If you call `defer()` inside a helper function, the cleanup **will not run** when that helper returns. Instead, it will wait until the entire Hook stage (e.g., `before_fetch`) is finished.

```lua
local function my_helper()
    defer(function() print("2. Cleanup runs LAST") end)
    print("1. Helper finished")
end

function before_fetch(request)
    my_helper()
    print("1.5 Hook still running")
    return request
end
-- Output:
-- 1. Helper finished
-- 1.5 Hook still running
-- 2. Cleanup runs LAST
```

### ⚠️ The Async Trap
`defer()` callbacks are **synchronous**. 
- **Rule:** Do NOT use async bindings (like `http_post`, `cdp.launch`, `page:open`) inside a `defer()` callback.
- **Behavior:** If you call an async function inside `defer()`, Lua will initiate it but SpyWeb will **not** wait for it to complete.
- **Exceptions:** Resource close methods (`browser:close()`, `context:close()`, and `page:close()`) are synchronous (they perform their network calls as background tasks) and are **fully safe** to use inside `defer()`.
- **Solution:** For async orchestration and cross-hook lifecycle logic (like network requests), use `defer.lua` (see below).
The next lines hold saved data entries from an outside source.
(* Let $\boldsymbol\nu=\{\nu_t\}_{t>0}$ be a measurable factorizing family over $[0,1]\times\{\ast\}$. Fix $s,t>0$ and for $\lambda>0$ put $u=\lambda(s+t)$, $u_1=\lambda s$, $u_2=\lambda t$, and $\sigma_{u_1,u_2}:=(\nu_{u_1}\otimes\nu_{u_2})\circ\oplus_{u_1,u_2}^{-1}$ on $\mathscr C_u^{\{\ast\}}$. Let $E_{00}=\{\varnothing\}$, $E_{10}=\{Z\cap[0,u_1]\neq\varnothing,\ Z\cap[u_1,u]=\varnothing\}$, $E_{01}=\{Z\cap[0,u_1]=\varnothing,\ Z\cap[u_1,u]\neq\varnothing\}$, $E_{11}=\{Z\cap[0,u_1]\neq\varnothing,\ Z\cap[u_1,u]\neq\varnothing\}$. Assume that as $\lambda\downarrow0$: (i) $\nu_u(Z\neq\varnothing)=O(u)$ and $\nu_{u_i}(Z\neq\varnothing)=O(u_i)$ for $i=1,2$; (ii) $\nu_u(E_{11})=O(u^2)$; (iii) $|\nu_u(\{\varnothing\})-\nu_{u_1}(\{\varnothing\})\nu_{u_2}(\{\varnothing\})|=O(u^2)$; (iv) $d_{\mathrm{Hell}}^2(\nu_u|_{E_{10}},\sigma_{u_1,u_2}|_{E_{10}})=O(u^2)$ and $d_{\mathrm{Hell}}^2(\nu_u|_{E_{01}},\sigma_{u_1,u_2}|_{E_{01}})=O(u^2)$. Then $1-H(\nu_u,\sigma_{u_1,u_2})=O(u^2)$.
   Context: $\mathscr C_t^{\{\ast\}}$ is the space of closed subsets of $[0,t]$ with Borel $\sigma$-field $\Sigma_t$ of the Fell topology; $\oplus_{s,t}(Z_1,Z_2)=Z_1\cup(s+Z_2)$; $\sigma_t(Z)=\{r/t:r\in Z\}$. A measurable factorizing family over $[0,1]\times\{\ast\}$ is a family of probability measures $\nu_t$ on $\mathscr C_t^{\{\ast\}}$ with: (i) $\nu_{s+t}$ and $(\nu_s\otimes\nu_t)\circ\oplus_{s,t}^{-1}$ mutually absolutely continuous; (ii) $\nu_t(\{Z:r\in Z\})=0$ for all $r\in[0,t]$; (iii) no $\nu_t$ supported on finitely many atoms; (iv a) a countable ring $\mathcal R\subset\Sigma_1$ generating $\Sigma_1$ with $t\mapsto(\sigma_t)_*\nu_t(A)$ Borel for $A\in\mathcal R$; (iv b) a Borel $\Delta$ on $(0,\infty)^2\times\mathscr C_1^{\{\ast\}}$ with $\Delta(s,t,\sigma_{s+t}(Z))=d((\nu_s\otimes\nu_t)\circ\oplus_{s,t}^{-1})/d\nu_{s+t}(Z)$ a.e. For finite measures $\rho,\eta$ on a measurable space $X$ dominated by a finite measure $m$: $H(\rho,\eta)=\int\sqrt{(d\rho/dm)(d\eta/dm)}\,dm$ and $d^2_{\mathrm{Hell}}(\rho,\eta)=\rho(X)+\eta(X)-2H(\rho,\eta)$. $\rho|_E$ denotes the restriction $\rho(\cdot\cap E)$. *)

theory Defs
  imports "HOL-Probability.Probability" "HOL-Library.Landau_Symbols"
begin

definition Cspace :: "real \<Rightarrow> real set set" where
  "Cspace t = {Z. closed Z \<and> Z \<subseteq> {0..t}}"

definition fell_topology :: "real \<Rightarrow> real set topology" where
  "fell_topology t = subtopology
     (topology_generated_by
        ({{F. F \<inter> K = {}} | K. compact K} \<union> {{F. F \<inter> G \<noteq> {}} | G. open G}))
     (Cspace t)"

definition borel_of_top :: "'a topology \<Rightarrow> 'a measure" where
  "borel_of_top T = sigma (topspace T) {U. openin T U}"

definition Cmeas :: "real \<Rightarrow> real set measure" where
  "Cmeas t = borel_of_top (fell_topology t)"

definition oplus :: "real \<Rightarrow> real \<Rightarrow> real set \<times> real set \<Rightarrow> real set" where
  "oplus s t = (\<lambda>(Z1, Z2). Z1 \<union> (\<lambda>r. s + r) ` Z2)"

definition scaleC :: "real \<Rightarrow> real set \<Rightarrow> real set" where
  "scaleC t Z = (\<lambda>r. r / t) ` Z"

definition conv_meas :: "(real \<Rightarrow> real set measure) \<Rightarrow> real \<Rightarrow> real \<Rightarrow> real set measure" where
  "conv_meas \<nu> s t = distr (\<nu> s \<Otimes>\<^sub>M \<nu> t) (Cmeas (s + t)) (oplus s t)"

definition measurable_factorizing_family :: "(real \<Rightarrow> real set measure) \<Rightarrow> bool" where
  "measurable_factorizing_family \<nu> \<longleftrightarrow>
     (\<forall>t>0. prob_space (\<nu> t) \<and> sets (\<nu> t) = sets (Cmeas t) \<and> space (\<nu> t) = space (Cmeas t))
   \<and> (\<forall>s>0. \<forall>t>0. absolutely_continuous (\<nu> (s + t)) (conv_meas \<nu> s t)
                   \<and> absolutely_continuous (conv_meas \<nu> s t) (\<nu> (s + t)))
   \<and> (\<forall>t>0. \<forall>r\<in>{0..t}. emeasure (\<nu> t) {Z \<in> space (\<nu> t). r \<in> Z} = 0)
   \<and> (\<forall>t>0. \<not> (\<exists>F. finite F \<and> F \<subseteq> space (\<nu> t) \<and> emeasure (\<nu> t) (space (\<nu> t) - F) = 0))
   \<and> (\<exists>R. countable R \<and> ring_of_sets (space (Cmeas 1)) R
          \<and> sets (Cmeas 1) = sigma_sets (space (Cmeas 1)) R
          \<and> (\<forall>A\<in>R. (\<lambda>t. measure (distr (\<nu> t) (Cmeas 1) (scaleC t)) A)
                       \<in> borel_measurable (restrict_space borel {0<..})))
   \<and> (\<exists>\<Delta> :: (real \<times> real) \<times> real set \<Rightarrow> ennreal.
          \<Delta> \<in> borel_measurable (restrict_space borel ({0<..} \<times> {0<..}) \<Otimes>\<^sub>M Cmeas 1)
        \<and> (\<forall>s>0. \<forall>t>0. AE Z in \<nu> (s + t).
              \<Delta> ((s, t), scaleC (s + t) Z) = RN_deriv (\<nu> (s + t)) (conv_meas \<nu> s t) Z))"

definition restr :: "'a measure \<Rightarrow> 'a set \<Rightarrow> 'a measure" where
  "restr \<rho> E = density \<rho> (indicator E)"

text \<open>The dominating finite measure m = rho + eta (same measurable space assumed).\<close>
definition sum_meas :: "'a measure \<Rightarrow> 'a measure \<Rightarrow> 'a measure" where
  "sum_meas \<rho> \<eta> = measure_of (space \<rho>) (sets \<rho>) (\<lambda>A. emeasure \<rho> A + emeasure \<eta> A)"

definition hell_aff :: "'a measure \<Rightarrow> 'a measure \<Rightarrow> real" where
  "hell_aff \<rho> \<eta> = (let m = sum_meas \<rho> \<eta> in
     enn2real (\<integral>\<^sup>+ x. ennreal (sqrt (enn2real (RN_deriv m \<rho> x) * enn2real (RN_deriv m \<eta> x))) \<partial>m))"

definition hell_sq :: "'a measure \<Rightarrow> 'a measure \<Rightarrow> real" where
  "hell_sq \<rho> \<eta> = measure \<rho> (space \<rho>) + measure \<eta> (space \<eta>) - 2 * hell_aff \<rho> \<eta>"

end

theory Submission
  imports Defs
begin

(* Since nu_u and sigma = sigma_{u1,u2} are probability measures, 2 (1 - H(nu_u, sigma)) is
   d^2_Hell(nu_u, sigma), and the Hellinger affinity is additive over the measurable partition
   {empty}, E10, E01, E11 of C_u; so 2 (1 - H) is the sum of the squared Hellinger distances of the
   four restrictions.  On the atom {empty} this is (sqrt p - sqrt q)^2 <= |p - q|, which is (iii)
   because sigma {empty} = nu_u1 {empty} nu_u2 {empty}; on E10 and E01 it is (iv); on E11 it is at
   most nu_u E11 + sigma E11.  Here nu_u E11 is (ii), and sigma E11 <= nu_u1 (Z <> {}) nu_u2 (Z <> {})
   = O(u1 u2) by (i): if Z1 \<union> (u1 + Z2) meets both [0, u1] and [u1, u] while Z1 or Z2 is empty,
   then u1 \<in> Z1 or 0 \<in> Z2, and these events are null since nu_t {Z. r \<in> Z} = 0. *)

section \<open>Hit-or-miss events of closed subsets\<close>

lemma space_Cmeas: "space (Cmeas x) = Cspace x"
proof -
  have "topspace (fell_topology x) = Cspace x"
    unfolding fell_topology_def by (auto simp: topspace_subtopology)
  then show ?thesis unfolding Cmeas_def borel_of_top_def
    by (subst space_measure_of) (auto dest: openin_subset)
qed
### Example: Safely Closing a Browser
```lua
function override_fetch(request)
    local browser = cdp.launch({ headless = true })
    
    -- Always kills the browser after hook exits, preventing zombie processes
    defer(function() browser:close() end) 
    
    local page = browser:attach()
    local ok, err = page:open(request.url)
    
    if not ok then
        -- browser:close() safely fires before returning
        return { error = "Navigation failed: " .. tostring(err) }
    end

    local found, wait_err = page:wait_for_selector(".dynamic-content", 10000)
    if not found then
        -- browser:close() safely fires before returning
        return { error = "Selector timeout: " .. tostring(wait_err) }
    end
    
    return { status = 200, body = page:content() }
end
```

---

## 2. Cycle-Scoped Orchestration: `defer.lua`

`defer.lua` is an optional file placed in your job directory (alongside `hooks.lua`). While `defer()` is for local janitorial work, `defer.lua` is a powerful **orchestration layer** designed for logic that requires a "whole cycle is done" guarantee.
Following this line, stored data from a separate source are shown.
definition D_HM :: "'a set \<Rightarrow> ('a \<Rightarrow> real) \<Rightarrow> ('a \<Rightarrow> real) \<Rightarrow> real" where
  "D_HM \<Omega> p q = (\<Sum>i\<in>\<Omega>. p i * q i / (p i + q i))"

end

theory Submission
  imports Defs
begin

(* Write r^w_i = e_i / w_i.  Index i wins the race argmin r^w strictly iff
   e_j > (w_j / w_i) e_i for all j ~= i; conditioning on e_i and integrating the
   exponential tails, this has probability 1 / (1 + sum_{j~=i} w_j / w_i) = w_i,
   so almost surely some index wins strictly.  Hence, up to a null set, the draft
   is accepted iff one index i wins both races, i.e. iff
   e_j > max (p_j / p_i) (q_j / q_i) e_i for all j ~= i, which has probability
   1 / (1 + sum_{j~=i} max (p_j / p_i) (q_j / q_i)).  Bounding the max below by
   either ratio bounds this by min p_i q_i, whose sum is 1 - D_TV; bounding it
   above by the sum of both ratios gives at least p_i q_i / (p_i + q_i). *)

lemma emeasure_exponential_density_greaterThan:
  assumes "0 < l" "0 \<le> a"
  shows "emeasure (density lborel (exponential_density l)) {a<..} = exp (- a * l)"
proof -
  interpret prob_space "density lborel (exponential_density l)"
    using \<open>0 < l\<close> by (rule prob_space_exponential_density)
  have "distributed (density lborel (exponential_density l)) lborel (\<lambda>x. x) (exponential_density l)"
    by (auto simp: distributed_def distr_id2 intro!: distr_cong[THEN trans])
  from exponential_distributedD_gt[OF this assms(2,1)] show ?thesis
    by (simp add: emeasure_eq_measure greaterThan_def)
qed

lemma nn_integral_exp_exponential_density:
  assumes "0 < l" "0 \<le> c"
  shows "(\<integral>\<^sup>+t. exp (- c * t) \<partial>density lborel (exponential_density l)) = ennreal (l / (l + c))"
proof -
  have "0 < l + c" using assms by simp
  have "exponential_density l t * exp (- c * t) = l / (l + c) * exponential_density (l + c) t" for t
    using \<open>0 < l + c\<close> by (simp add: exponential_density_def field_simps flip: exp_add)
  then have "(\<integral>\<^sup>+t. exp (- c * t) \<partial>density lborel (exponential_density l))
      = (\<integral>\<^sup>+t. ennreal (l / (l + c)) * exponential_density (l + c) t \<partial>lborel)"
    using assms by (subst nn_integral_density)
      (auto simp: exponential_density_nonneg simp flip: ennreal_mult' intro!: nn_integral_cong)
  also have "\<dots> = ennreal (l / (l + c)) * emeasure (density lborel (exponential_density (l + c))) UNIV"
    by (subst nn_integral_cmult) (auto simp: emeasure_density)
  also have "\<dots> = l / (l + c)"
    using prob_space.emeasure_space_1[OF prob_space_exponential_density[OF \<open>0 < l + c\<close>]] by simp
  finally show ?thesis .
qed

lemma sum_others_div:
  fixes w :: "'a \<Rightarrow> real"
  assumes "finite \<Omega>" "i \<in> \<Omega>" "(\<Sum>j\<in>\<Omega>. w j) = 1" "w i \<noteq> 0"
  shows "(\<Sum>j\<in>\<Omega>-{i}. w j / w i) = 1 / w i - 1"
  using assms by (simp add: sum_diff1 diff_divide_distrib flip: sum_divide_distrib)

lemma arg_min_on_eq_strict_min:
  fixes f :: "'a \<Rightarrow> 'b::order"
  assumes "i \<in> S" "\<And>j. j \<in> S \<Longrightarrow> j \<noteq> i \<Longrightarrow> f i < f j"
  shows "arg_min_on f S = i"
  unfolding arg_min_on_def arg_min_def is_arg_min_def
  using assms by (intro some_equality) (auto dest: less_asym)

lemma pred_arg_min_on_eq:
  fixes f g :: "'i \<Rightarrow> 'm \<Rightarrow> 'c::{linorder_topology, second_countable_topology}"
  assumes "finite I"
    and f: "\<And>i. i \<in> I \<Longrightarrow> f i \<in> borel_measurable M" and g: "\<And>i. i \<in> I \<Longrightarrow> g i \<in> borel_measurable M"
  shows "Measurable.pred M (\<lambda>x. arg_min_on (\<lambda>i. f i x) I = arg_min_on (\<lambda>i. g i x) I)"
proof -
  define minimizers where "minimizers h x = {i \<in> I. \<forall>j\<in>I. h i x \<le> h j x}"
    for h :: "'i \<Rightarrow> 'm \<Rightarrow> 'c" and x
  have arg_min_on: "arg_min_on (\<lambda>i. h i x) I = (SOME i. i \<in> minimizers h x)" for h x
    unfolding arg_min_on_def arg_min_def is_arg_min_linorder minimizers_def
    by (rule arg_cong[where f = Eps]) auto
  have minimizers_eq: "Measurable.pred M (\<lambda>x. minimizers h x = K)"
    if "K \<subseteq> I" and [measurable]: "\<And>i. i \<in> I \<Longrightarrow> h i \<in> borel_measurable M" for h K
  proof -
    have "minimizers h x = K \<longleftrightarrow> (\<forall>i\<in>I. i \<in> K \<longleftrightarrow> (\<forall>j\<in>I. h i x \<le> h j x))" for x
      using \<open>K \<subseteq> I\<close> by (auto simp: minimizers_def)
    then show ?thesis
      using \<open>finite I\<close> by (simp only:) measurable
  qed
  have "arg_min_on (\<lambda>i. f i x) I = arg_min_on (\<lambda>i. g i x) I \<longleftrightarrow>
      (\<exists>K\<in>Pow I. \<exists>L\<in>Pow I. minimizers f x = K \<and> minimizers g x = L \<and> (SOME i. i \<in> K) = (SOME i. i \<in> L))" for x
    by (auto simp: arg_min_on minimizers_def)
  then show ?thesis
    using \<open>finite I\<close> minimizers_eq f g by (simp only:) (intro pred_intros_finite pred_intros_logic; auto)
qed

abbreviation Exp1 :: "real measure" where
  "Exp1 \<equiv> density lborel (exponential_density 1)"

lemma prob_space_exp_race_space: "prob_space (exp_race_space \<Omega>)"
  unfolding exp_race_space_def
  by (intro prob_space_PiM prob_space_exponential_density) simp

lemma measurable_exp_race_component:
  "j \<in> \<Omega> \<Longrightarrow> (\<lambda>e. e j) \<in> borel_measurable (exp_race_space \<Omega>)"
  using measurable_component_singleton[of j \<Omega> "\<lambda>_. Exp1"]
  by (simp add: exp_race_space_def measurable_cong_sets[OF refl sets_density])

(* The conjunct 0 <= e i only removes a null set; it keeps the thresholds c_j e_i
   nonnegative, where the exponential tail formula applies. *)
definition lead_event :: "'a set \<Rightarrow> ('a \<Rightarrow> real) \<Rightarrow> 'a \<Rightarrow> ('a \<Rightarrow> real) set" where
  "lead_event \<Omega> c i = {e \<in> space (exp_race_space \<Omega>). 0 \<le> e i \<and> (\<forall>j\<in>\<Omega>-{i}. c j * e i < e j)}"

lemma sets_lead_event:
  assumes "finite \<Omega>" "i \<in> \<Omega>"
  shows "lead_event \<Omega> c i \<in> sets (exp_race_space \<Omega>)"
proof -
  note [measurable] = measurable_exp_race_component[OF \<open>i \<in> \<Omega>\<close>]
  have [measurable]: "Measurable.pred (exp_race_space \<Omega>) (\<lambda>e. c j * e i < e j)" if "j \<in> \<Omega>" for j
    using measurable_exp_race_component[OF that] by measurable
  show ?thesis unfolding lead_event_def by measurable (use assms in auto)
qed

lemma emeasure_lead_event:
  assumes fin: "finite \<Omega>" and i: "i \<in> \<Omega>" and c: "\<And>j. j \<in> \<Omega> \<Longrightarrow> 0 \<le> c j"
  shows "emeasure (exp_race_space \<Omega>) (lead_event \<Omega> c i) = ennreal (1 / (1 + (\<Sum>j\<in>\<Omega>-{i}. c j)))"
proof -
  interpret product_sigma_finite "\<lambda>_::'a. Exp1"
    unfolding product_sigma_finite_def
    by (simp add: prob_space_exponential_density prob_space_imp_sigma_finite)
  define \<Omega>' where "\<Omega>' = \<Omega> - {i}"
  have \<Omega>: "\<Omega> = insert i \<Omega>'" "i \<notin> \<Omega>'" "finite \<Omega>'"
    using i fin by (auto simp: \<Omega>'_def)
  have L: "lead_event \<Omega> c i \<in> sets (Pi\<^sub>M (insert i \<Omega>') (\<lambda>_. Exp1))"
    using sets_lead_event[OF fin i] \<Omega> by (simp add: exp_race_space_def)
  have "emeasure (exp_race_space \<Omega>) (lead_event \<Omega> c i)
      = (\<integral>\<^sup>+t. (\<integral>\<^sup>+x. indicator (lead_event \<Omega> c i) (x(i := t)) \<partial>Pi\<^sub>M \<Omega>' (\<lambda>_. Exp1)) \<partial>Exp1)"
    using \<Omega> L by (simp add: exp_race_space_def product_nn_integral_insert_rev flip: nn_integral_indicator)
  also have "\<dots> = (\<integral>\<^sup>+t. (\<integral>\<^sup>+x. indicator {0..} t * (\<Prod>j\<in>\<Omega>'. indicator {c j * t<..} (x j)) \<partial>Pi\<^sub>M \<Omega>' (\<lambda>_. Exp1)) \<partial>Exp1)"
  proof (intro nn_integral_cong)
    fix t x assume x: "x \<in> space (Pi\<^sub>M \<Omega>' (\<lambda>_. Exp1))"
    then have "x(i := t) \<in> space (exp_race_space \<Omega>)"
      using \<Omega> by (auto simp: exp_race_space_def space_PiM PiE_def extensional_def)
    with \<Omega> show "indicator (lead_event \<Omega> c i) (x(i := t))
        = indicator {0..} t * (\<Prod>j\<in>\<Omega>'. indicator {c j * t<..} (x j) :: ennreal)"
      by (auto simp: lead_event_def indicator_def prod_zero_iff intro!: prod.neutral)
  qed
  also have "\<dots> = (\<integral>\<^sup>+t. indicator {0..} t * (\<Prod>j\<in>\<Omega>'. emeasure Exp1 {c j * t<..}) \<partial>Exp1)"
    using \<Omega> by (intro nn_integral_cong, subst nn_integral_cmult, measurable, subst product_nn_integral_prod) auto
  also have "\<dots> = (\<integral>\<^sup>+t. exp (- (\<Sum>j\<in>\<Omega>'. c j) * t) \<partial>Exp1)"
  proof (rule nn_integral_cong_AE)
    have "AE t in Exp1. 0 \<le> t"
      by (subst AE_density) (auto simp: exponential_density_def)
    then show "AE t in Exp1. indicator {0..} t * (\<Prod>j\<in>\<Omega>'. emeasure Exp1 {c j * t<..})
        = ennreal (exp (- (\<Sum>j\<in>\<Omega>'. c j) * t))"
    proof eventually_elim
      case (elim t)
      then have "(\<Prod>j\<in>\<Omega>'. emeasure Exp1 {c j * t<..}) = (\<Prod>j\<in>\<Omega>'. ennreal (exp (- (c j * t))))"
        using c \<Omega> by (intro prod.cong refl) (simp add: emeasure_exponential_density_greaterThan)
      also have "\<dots> = ennreal (exp (- (\<Sum>j\<in>\<Omega>'. c j) * t))"
        using \<open>finite \<Omega>'\<close> by (simp add: prod_ennreal exp_sum sum_distrib_right flip: sum_negf)
      finally show ?case using elim by simp
    qed
  qed
  also have "\<dots> = ennreal (1 / (1 + (\<Sum>j\<in>\<Omega>'. c j)))"
    using c \<Omega> by (intro nn_integral_exp_exponential_density) (auto intro: sum_nonneg)
  finally show ?thesis by (simp add: \<Omega>'_def)
qed

lemma measure_lead_event:
  assumes "finite \<Omega>" "i \<in> \<Omega>" "\<And>j. j \<in> \<Omega> \<Longrightarrow> 0 \<le> c j"
  shows "measure (exp_race_space \<Omega>) (lead_event \<Omega> c i) = 1 / (1 + (\<Sum>j\<in>\<Omega>-{i}. c j))"
proof -
  have "0 \<le> (\<Sum>j\<in>\<Omega>-{i}. c j)"
    using assms(3) by (auto intro: sum_nonneg)
  with emeasure_lead_event[OF assms] show ?thesis
    by (simp add: measure_def)
qed

lemma lead_event_Int:
  "lead_event \<Omega> c i \<inter> lead_event \<Omega> d i = lead_event \<Omega> (\<lambda>j. max (c j) (d j)) i"
  by (auto simp: lead_event_def max_mult_distrib_right)

lemma arg_min_on_lead_event:
  assumes "i \<in> \<Omega>" "\<And>j. j \<in> \<Omega> \<Longrightarrow> 0 < w j" "e \<in> lead_event \<Omega> (\<lambda>j. w j / w i) i"
  shows "arg_min_on (\<lambda>j. e j / w j) \<Omega> = i"
proof (rule arg_min_on_eq_strict_min)
  fix j assume "j \<in> \<Omega>" "j \<noteq> i"
  with assms have "w j / w i * e i < e j" "0 < w i" "0 < w j"
    by (auto simp: lead_event_def)
  then show "e i / w i < e j / w j"
    by (simp add: field_simps)
qed fact

lemma disjoint_family_on_lead_event:
  assumes "\<And>j. j \<in> \<Omega> \<Longrightarrow> 0 < w j"
  shows "disjoint_family_on (\<lambda>i. lead_event \<Omega> (\<lambda>j. w j / w i) i) \<Omega>"
  unfolding disjoint_family_on_def
proof (intro ballI impI)
  fix i k assume "i \<in> \<Omega>" "k \<in> \<Omega>" "i \<noteq> k"
  then show "lead_event \<Omega> (\<lambda>j. w j / w i) i \<inter> lead_event \<Omega> (\<lambda>j. w j / w k) k = {}"
    using arg_min_on_lead_event[of i \<Omega> w] arg_min_on_lead_event[of k \<Omega> w] assms by blast
qed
### Good Uses for `defer.lua`
- External HTTP calls and Webhooks
- Telemetry flushing and metrics aggregation
- Alerting and failure notifications
- Releasing resources shared across hooks
- Persistence, snapshots, or writing audit logs

### Lifecycle Hooks
| Function | When it fires | Use Case |
|----------|---------------|----------|
| `on_success()` | Cycle completed without any fatal errors | Post-run telemetry, aggregate success APIs |
| `on_error(err)` | Cycle failed with a fatal error | Critical failure alerts (Discord/Slack/PagerDuty) |
| `on_finally()` | **Always** fires at the end of every cycle | State reset, writing audit logs |

### Shared State & Async Support
`defer.lua` shares the **same Lua VM** as `hooks.lua`. You can pass data between them simply by using standard **Lua globals** (variables declared without the `local` keyword). Furthermore, unlike the `defer()` binding, all functions in `defer.lua` **fully support async bindings** (like `http_post`).

```lua
-- hooks.lua
function after_extract(items)
    items_found = #items
    return items
end

-- defer.lua
function on_finally()
    local count = items_found or 0
    
    -- Async network calls are fully supported here
    http_post("https://metrics.example.com/push", '{"items": ' .. count .. '}', {
        ["Content-Type"] = "application/json"
    })
    
    -- Reset state for the next cycle
    items_found = nil
end
```

---

## Which one should I use?

| Goal | Mechanism |
|------|-----------|
| Close a browser/page opened in a single hook | `defer()` |
| Push aggregate metrics after a cycle finishes | `defer.lua` + `on_success` / `on_finally` |
| Alert on job failure via HTTP API | `defer.lua` + `on_error` |
| Clean up shared state at the end of a run | `defer.lua` + `on_finally` |
| Handle nested resources in a specific order | `defer()` multiple times (LIFO) |

## Memory Hygiene
SpyWeb automatically wipes transient globals like `last_fetch` and `selector_matches` after `on_finally` returns to keep the memory footprint low during long sleep intervals.